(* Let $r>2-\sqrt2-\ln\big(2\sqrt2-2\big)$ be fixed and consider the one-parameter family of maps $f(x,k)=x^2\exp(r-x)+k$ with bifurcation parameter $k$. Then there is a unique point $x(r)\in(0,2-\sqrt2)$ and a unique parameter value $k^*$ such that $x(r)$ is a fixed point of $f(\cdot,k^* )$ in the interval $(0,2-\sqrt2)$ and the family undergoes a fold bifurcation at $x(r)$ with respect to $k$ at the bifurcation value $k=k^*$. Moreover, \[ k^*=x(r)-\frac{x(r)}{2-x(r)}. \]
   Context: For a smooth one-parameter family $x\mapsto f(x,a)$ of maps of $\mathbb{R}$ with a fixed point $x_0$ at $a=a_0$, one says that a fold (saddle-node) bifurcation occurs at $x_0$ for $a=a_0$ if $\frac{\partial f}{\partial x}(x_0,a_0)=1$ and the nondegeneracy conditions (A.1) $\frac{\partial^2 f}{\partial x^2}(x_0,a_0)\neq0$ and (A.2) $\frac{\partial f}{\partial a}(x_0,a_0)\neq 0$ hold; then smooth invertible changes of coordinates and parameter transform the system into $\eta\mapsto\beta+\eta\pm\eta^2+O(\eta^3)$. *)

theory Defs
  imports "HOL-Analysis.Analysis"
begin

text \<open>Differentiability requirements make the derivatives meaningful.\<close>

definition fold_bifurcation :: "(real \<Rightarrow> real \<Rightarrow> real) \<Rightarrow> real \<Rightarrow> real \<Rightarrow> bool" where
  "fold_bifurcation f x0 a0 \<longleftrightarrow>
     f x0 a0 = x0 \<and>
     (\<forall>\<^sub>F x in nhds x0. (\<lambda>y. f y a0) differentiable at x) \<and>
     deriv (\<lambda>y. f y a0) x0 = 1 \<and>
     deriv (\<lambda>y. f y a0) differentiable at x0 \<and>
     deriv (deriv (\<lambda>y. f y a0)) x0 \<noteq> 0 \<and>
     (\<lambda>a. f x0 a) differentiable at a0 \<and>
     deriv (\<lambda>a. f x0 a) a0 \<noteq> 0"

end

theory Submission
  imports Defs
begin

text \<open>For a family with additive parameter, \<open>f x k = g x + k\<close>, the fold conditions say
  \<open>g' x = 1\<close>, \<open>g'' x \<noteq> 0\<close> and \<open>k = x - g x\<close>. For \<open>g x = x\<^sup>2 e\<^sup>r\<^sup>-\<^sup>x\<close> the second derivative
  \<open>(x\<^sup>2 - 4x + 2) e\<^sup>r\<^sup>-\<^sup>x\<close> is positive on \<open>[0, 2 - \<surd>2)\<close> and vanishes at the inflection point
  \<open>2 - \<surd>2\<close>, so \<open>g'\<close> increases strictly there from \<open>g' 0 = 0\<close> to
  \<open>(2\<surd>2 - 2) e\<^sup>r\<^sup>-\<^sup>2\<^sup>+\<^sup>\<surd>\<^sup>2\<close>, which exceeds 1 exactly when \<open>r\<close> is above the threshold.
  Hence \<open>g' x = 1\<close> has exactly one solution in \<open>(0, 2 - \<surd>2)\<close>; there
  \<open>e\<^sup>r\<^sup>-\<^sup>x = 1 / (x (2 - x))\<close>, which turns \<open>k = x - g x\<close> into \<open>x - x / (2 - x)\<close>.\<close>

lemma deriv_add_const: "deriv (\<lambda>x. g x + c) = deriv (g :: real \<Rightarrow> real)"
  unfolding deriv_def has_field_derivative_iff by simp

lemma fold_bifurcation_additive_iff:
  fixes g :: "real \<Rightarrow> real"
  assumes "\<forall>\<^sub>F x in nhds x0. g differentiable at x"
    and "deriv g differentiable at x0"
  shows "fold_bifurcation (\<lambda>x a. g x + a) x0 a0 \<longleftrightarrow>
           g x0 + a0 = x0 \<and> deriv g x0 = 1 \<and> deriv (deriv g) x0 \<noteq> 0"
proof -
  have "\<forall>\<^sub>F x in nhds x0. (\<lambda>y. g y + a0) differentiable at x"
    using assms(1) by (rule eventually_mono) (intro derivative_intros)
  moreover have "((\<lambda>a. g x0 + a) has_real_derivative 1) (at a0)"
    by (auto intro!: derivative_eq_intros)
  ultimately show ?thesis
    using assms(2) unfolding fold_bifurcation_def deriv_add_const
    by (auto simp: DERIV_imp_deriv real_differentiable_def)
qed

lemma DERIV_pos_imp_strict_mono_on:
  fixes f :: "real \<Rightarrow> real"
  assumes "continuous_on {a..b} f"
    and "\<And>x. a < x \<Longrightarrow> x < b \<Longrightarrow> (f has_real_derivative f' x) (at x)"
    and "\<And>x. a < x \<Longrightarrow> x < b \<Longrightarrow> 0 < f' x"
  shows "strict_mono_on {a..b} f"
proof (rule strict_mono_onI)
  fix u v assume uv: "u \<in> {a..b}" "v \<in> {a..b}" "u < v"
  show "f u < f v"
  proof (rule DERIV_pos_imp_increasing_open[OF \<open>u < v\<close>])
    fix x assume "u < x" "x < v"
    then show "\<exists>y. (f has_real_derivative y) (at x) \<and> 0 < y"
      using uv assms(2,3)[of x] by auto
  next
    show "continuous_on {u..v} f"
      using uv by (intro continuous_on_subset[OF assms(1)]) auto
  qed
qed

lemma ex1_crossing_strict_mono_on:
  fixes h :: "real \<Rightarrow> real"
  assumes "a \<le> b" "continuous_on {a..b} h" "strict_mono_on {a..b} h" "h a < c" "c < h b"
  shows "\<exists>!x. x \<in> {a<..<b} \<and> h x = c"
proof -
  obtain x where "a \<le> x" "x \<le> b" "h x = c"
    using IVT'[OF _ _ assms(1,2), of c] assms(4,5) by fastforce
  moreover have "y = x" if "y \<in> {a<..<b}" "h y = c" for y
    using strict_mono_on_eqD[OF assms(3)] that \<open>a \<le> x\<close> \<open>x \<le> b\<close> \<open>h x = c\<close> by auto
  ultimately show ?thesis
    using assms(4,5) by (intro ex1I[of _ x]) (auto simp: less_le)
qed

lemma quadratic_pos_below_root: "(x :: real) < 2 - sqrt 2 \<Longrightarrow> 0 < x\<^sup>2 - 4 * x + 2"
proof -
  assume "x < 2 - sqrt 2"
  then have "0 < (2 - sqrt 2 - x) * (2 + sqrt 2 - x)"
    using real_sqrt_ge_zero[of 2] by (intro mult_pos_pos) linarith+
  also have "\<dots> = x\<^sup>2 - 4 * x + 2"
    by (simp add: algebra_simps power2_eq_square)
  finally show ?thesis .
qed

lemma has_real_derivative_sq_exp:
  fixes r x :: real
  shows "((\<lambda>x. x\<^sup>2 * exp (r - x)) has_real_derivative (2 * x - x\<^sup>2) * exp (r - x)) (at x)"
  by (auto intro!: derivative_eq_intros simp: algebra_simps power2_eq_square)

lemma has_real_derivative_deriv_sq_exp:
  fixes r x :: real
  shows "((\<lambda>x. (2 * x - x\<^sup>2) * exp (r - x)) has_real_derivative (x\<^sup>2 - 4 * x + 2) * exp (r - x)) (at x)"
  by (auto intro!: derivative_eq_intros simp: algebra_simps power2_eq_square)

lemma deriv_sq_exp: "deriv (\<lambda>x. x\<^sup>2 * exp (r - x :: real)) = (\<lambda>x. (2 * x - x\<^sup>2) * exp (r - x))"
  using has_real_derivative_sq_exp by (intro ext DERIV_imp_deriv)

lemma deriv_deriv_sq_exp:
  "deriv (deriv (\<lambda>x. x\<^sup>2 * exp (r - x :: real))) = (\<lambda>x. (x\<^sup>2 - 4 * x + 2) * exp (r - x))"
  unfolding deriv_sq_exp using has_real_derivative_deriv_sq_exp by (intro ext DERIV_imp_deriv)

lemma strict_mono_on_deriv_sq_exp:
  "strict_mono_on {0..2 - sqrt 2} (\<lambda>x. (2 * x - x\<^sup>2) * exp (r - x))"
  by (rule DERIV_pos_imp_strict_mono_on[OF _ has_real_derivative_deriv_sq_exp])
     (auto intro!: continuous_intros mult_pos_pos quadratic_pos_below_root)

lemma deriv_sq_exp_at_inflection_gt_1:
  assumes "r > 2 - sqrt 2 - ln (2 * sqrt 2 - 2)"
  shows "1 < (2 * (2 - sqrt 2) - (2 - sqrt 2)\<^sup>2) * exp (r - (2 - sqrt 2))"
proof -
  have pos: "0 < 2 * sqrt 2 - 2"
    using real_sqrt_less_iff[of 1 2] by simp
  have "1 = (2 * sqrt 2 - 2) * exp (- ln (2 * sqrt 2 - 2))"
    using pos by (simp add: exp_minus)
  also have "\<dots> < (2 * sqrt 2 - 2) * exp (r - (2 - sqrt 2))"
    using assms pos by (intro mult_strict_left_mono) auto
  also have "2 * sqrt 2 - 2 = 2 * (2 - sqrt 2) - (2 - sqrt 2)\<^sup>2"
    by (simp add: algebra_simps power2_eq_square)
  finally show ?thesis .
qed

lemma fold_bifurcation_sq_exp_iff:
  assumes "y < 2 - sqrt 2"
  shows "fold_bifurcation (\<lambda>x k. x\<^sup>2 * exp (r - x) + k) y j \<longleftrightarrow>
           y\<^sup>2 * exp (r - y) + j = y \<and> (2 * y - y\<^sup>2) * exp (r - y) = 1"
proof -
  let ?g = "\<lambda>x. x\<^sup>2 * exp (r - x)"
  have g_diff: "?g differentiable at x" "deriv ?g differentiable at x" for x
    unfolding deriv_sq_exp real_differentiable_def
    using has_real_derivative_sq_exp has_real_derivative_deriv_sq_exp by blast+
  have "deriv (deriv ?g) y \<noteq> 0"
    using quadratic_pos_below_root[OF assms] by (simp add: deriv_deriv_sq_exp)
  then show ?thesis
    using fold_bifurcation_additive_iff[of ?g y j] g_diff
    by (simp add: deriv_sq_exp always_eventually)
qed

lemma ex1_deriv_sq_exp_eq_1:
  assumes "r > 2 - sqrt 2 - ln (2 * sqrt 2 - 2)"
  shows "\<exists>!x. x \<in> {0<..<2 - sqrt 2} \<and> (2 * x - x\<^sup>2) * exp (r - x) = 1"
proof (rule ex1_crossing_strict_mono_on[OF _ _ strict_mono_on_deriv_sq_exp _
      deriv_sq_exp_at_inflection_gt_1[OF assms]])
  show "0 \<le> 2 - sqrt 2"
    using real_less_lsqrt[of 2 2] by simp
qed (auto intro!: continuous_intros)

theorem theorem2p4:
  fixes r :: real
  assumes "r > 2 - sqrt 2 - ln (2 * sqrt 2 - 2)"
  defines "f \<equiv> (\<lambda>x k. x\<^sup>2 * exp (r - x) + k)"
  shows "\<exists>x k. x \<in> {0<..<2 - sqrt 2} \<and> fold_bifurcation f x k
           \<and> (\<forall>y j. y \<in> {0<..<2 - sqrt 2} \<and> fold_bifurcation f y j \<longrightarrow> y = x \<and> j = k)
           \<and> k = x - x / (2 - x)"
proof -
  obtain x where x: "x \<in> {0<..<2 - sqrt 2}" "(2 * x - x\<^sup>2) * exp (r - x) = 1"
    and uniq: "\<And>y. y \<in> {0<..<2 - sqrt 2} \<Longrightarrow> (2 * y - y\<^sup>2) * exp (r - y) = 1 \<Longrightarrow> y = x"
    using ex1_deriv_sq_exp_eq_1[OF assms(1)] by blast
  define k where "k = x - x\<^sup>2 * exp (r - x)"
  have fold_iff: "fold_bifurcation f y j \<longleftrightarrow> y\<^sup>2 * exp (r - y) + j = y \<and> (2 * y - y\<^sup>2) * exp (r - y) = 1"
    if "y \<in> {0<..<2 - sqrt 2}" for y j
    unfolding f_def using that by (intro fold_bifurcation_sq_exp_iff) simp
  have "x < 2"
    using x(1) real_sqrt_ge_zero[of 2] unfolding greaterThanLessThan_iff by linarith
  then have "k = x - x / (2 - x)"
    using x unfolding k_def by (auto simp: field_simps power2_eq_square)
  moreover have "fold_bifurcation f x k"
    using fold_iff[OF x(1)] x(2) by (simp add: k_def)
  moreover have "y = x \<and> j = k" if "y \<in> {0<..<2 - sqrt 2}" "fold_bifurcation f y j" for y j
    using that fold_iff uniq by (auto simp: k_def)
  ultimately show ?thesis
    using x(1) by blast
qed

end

• • • • •

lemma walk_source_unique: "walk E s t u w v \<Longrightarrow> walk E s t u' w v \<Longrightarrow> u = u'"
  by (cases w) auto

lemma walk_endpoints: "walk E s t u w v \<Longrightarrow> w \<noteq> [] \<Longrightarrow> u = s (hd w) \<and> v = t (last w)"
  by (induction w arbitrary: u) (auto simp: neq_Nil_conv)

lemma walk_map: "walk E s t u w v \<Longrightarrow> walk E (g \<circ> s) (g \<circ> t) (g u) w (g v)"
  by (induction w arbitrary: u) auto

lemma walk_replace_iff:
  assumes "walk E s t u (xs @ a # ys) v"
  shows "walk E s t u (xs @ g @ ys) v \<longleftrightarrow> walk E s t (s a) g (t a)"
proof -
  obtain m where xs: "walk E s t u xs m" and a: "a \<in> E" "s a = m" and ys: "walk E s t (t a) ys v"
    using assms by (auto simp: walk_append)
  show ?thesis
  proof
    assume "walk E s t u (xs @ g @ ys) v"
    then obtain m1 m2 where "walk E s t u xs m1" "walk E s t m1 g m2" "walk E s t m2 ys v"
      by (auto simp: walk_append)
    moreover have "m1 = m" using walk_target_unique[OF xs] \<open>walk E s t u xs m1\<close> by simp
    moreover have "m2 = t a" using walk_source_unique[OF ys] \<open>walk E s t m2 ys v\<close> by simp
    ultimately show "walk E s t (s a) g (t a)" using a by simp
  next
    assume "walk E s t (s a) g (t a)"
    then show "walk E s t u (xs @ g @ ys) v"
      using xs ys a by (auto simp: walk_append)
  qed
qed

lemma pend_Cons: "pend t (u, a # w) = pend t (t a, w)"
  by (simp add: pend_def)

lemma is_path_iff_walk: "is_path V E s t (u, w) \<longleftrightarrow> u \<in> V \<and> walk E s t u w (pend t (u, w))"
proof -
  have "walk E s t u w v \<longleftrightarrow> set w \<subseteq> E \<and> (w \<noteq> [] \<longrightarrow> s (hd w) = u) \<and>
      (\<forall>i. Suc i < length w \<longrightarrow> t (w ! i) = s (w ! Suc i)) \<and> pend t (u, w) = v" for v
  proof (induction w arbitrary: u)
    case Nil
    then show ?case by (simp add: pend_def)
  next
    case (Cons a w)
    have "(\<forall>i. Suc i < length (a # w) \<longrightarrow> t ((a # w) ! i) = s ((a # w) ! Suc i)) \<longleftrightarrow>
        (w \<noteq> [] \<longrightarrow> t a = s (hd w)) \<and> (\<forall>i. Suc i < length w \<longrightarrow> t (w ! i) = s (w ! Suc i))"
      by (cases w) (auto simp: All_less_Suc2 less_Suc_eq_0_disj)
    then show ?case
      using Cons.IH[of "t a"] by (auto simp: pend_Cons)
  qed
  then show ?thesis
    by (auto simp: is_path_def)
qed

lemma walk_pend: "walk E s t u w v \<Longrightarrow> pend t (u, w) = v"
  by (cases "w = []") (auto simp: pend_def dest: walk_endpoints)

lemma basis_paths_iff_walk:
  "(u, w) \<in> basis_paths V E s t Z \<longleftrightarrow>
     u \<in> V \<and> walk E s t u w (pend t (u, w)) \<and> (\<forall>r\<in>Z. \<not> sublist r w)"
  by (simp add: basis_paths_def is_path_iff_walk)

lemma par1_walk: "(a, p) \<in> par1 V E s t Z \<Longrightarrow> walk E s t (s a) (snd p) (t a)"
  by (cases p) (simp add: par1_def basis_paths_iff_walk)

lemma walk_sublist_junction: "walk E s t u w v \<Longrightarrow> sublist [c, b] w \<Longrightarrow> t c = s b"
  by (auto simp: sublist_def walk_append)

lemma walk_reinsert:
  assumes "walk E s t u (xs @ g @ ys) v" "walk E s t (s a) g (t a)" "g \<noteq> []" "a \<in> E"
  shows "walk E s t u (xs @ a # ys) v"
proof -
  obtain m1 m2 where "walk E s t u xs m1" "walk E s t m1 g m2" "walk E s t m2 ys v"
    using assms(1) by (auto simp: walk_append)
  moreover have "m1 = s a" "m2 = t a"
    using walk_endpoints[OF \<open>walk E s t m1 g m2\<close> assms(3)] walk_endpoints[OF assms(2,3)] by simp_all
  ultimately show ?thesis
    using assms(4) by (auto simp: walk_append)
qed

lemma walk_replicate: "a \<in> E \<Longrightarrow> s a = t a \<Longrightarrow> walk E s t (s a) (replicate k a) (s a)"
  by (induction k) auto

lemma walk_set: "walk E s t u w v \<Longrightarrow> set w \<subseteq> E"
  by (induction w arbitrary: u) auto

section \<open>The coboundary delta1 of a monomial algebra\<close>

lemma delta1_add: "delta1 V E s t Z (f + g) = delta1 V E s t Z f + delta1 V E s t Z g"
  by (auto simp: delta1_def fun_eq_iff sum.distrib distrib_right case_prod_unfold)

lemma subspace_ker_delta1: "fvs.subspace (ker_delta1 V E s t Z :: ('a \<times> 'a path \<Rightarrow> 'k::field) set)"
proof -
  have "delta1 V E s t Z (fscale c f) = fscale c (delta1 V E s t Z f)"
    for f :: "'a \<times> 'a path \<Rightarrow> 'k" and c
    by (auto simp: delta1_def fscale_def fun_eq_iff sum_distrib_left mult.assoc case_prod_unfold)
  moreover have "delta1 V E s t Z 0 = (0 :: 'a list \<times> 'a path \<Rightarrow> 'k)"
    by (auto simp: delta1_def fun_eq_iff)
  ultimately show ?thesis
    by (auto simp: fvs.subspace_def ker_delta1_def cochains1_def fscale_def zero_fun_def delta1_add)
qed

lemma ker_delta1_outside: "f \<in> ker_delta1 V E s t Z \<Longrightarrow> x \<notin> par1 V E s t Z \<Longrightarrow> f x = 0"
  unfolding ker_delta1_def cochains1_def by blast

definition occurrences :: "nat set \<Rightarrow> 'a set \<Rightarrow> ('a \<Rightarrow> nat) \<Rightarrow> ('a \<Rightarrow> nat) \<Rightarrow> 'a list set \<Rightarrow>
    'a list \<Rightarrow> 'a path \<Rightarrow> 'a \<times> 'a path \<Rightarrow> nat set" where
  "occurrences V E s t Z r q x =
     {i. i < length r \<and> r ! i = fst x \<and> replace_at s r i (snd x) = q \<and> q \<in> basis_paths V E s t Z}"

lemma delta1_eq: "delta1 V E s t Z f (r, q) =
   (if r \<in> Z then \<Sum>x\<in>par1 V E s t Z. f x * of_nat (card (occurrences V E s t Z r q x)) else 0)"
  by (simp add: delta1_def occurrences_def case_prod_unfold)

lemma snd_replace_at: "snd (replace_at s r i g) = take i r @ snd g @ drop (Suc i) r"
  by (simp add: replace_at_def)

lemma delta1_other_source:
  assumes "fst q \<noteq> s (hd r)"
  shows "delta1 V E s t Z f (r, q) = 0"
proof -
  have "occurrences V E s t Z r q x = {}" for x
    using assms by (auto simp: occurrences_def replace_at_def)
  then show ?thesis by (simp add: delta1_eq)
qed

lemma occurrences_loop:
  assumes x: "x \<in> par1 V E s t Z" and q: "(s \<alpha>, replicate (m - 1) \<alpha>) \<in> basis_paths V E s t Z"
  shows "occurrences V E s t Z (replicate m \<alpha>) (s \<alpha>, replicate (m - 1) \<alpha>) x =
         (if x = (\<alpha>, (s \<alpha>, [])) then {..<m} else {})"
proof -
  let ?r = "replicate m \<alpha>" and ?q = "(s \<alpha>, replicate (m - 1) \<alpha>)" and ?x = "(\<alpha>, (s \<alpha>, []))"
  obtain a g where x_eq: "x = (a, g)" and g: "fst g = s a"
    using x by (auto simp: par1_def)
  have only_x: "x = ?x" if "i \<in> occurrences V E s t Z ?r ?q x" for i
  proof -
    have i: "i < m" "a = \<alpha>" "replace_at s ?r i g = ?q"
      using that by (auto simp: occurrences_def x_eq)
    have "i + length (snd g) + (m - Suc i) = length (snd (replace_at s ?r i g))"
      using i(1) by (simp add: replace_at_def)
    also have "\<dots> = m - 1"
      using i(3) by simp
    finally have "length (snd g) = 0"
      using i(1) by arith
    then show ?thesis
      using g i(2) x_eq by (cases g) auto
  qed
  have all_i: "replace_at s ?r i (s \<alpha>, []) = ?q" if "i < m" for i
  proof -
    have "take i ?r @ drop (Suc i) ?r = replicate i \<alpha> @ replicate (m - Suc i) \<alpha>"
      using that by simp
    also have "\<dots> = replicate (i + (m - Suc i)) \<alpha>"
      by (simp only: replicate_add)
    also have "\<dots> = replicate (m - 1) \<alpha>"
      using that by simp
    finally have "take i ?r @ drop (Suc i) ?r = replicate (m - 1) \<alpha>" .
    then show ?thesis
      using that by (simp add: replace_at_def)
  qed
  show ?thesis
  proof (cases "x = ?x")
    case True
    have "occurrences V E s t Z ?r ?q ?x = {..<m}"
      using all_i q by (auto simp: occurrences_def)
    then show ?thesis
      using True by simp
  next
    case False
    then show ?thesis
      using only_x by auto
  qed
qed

• • • • •

#### Aim of the task:
Go through the listing above and list every line that has the word "definition".

#### Answer to the problem:
definition fold_bifurcation :: "(real \<Rightarrow> real \<Rightarrow> real) \<Rightarrow> real \<Rightarrow> real \<Rightarrow> bool" where
definition occurrences :: "nat set \<Rightarrow> 'a set \<Rightarrow> ('a \<Rightarrow> nat) \<Rightarrow> ('a \<Rightarrow> nat) \<Rightarrow> 'a list set \<Rightarrow>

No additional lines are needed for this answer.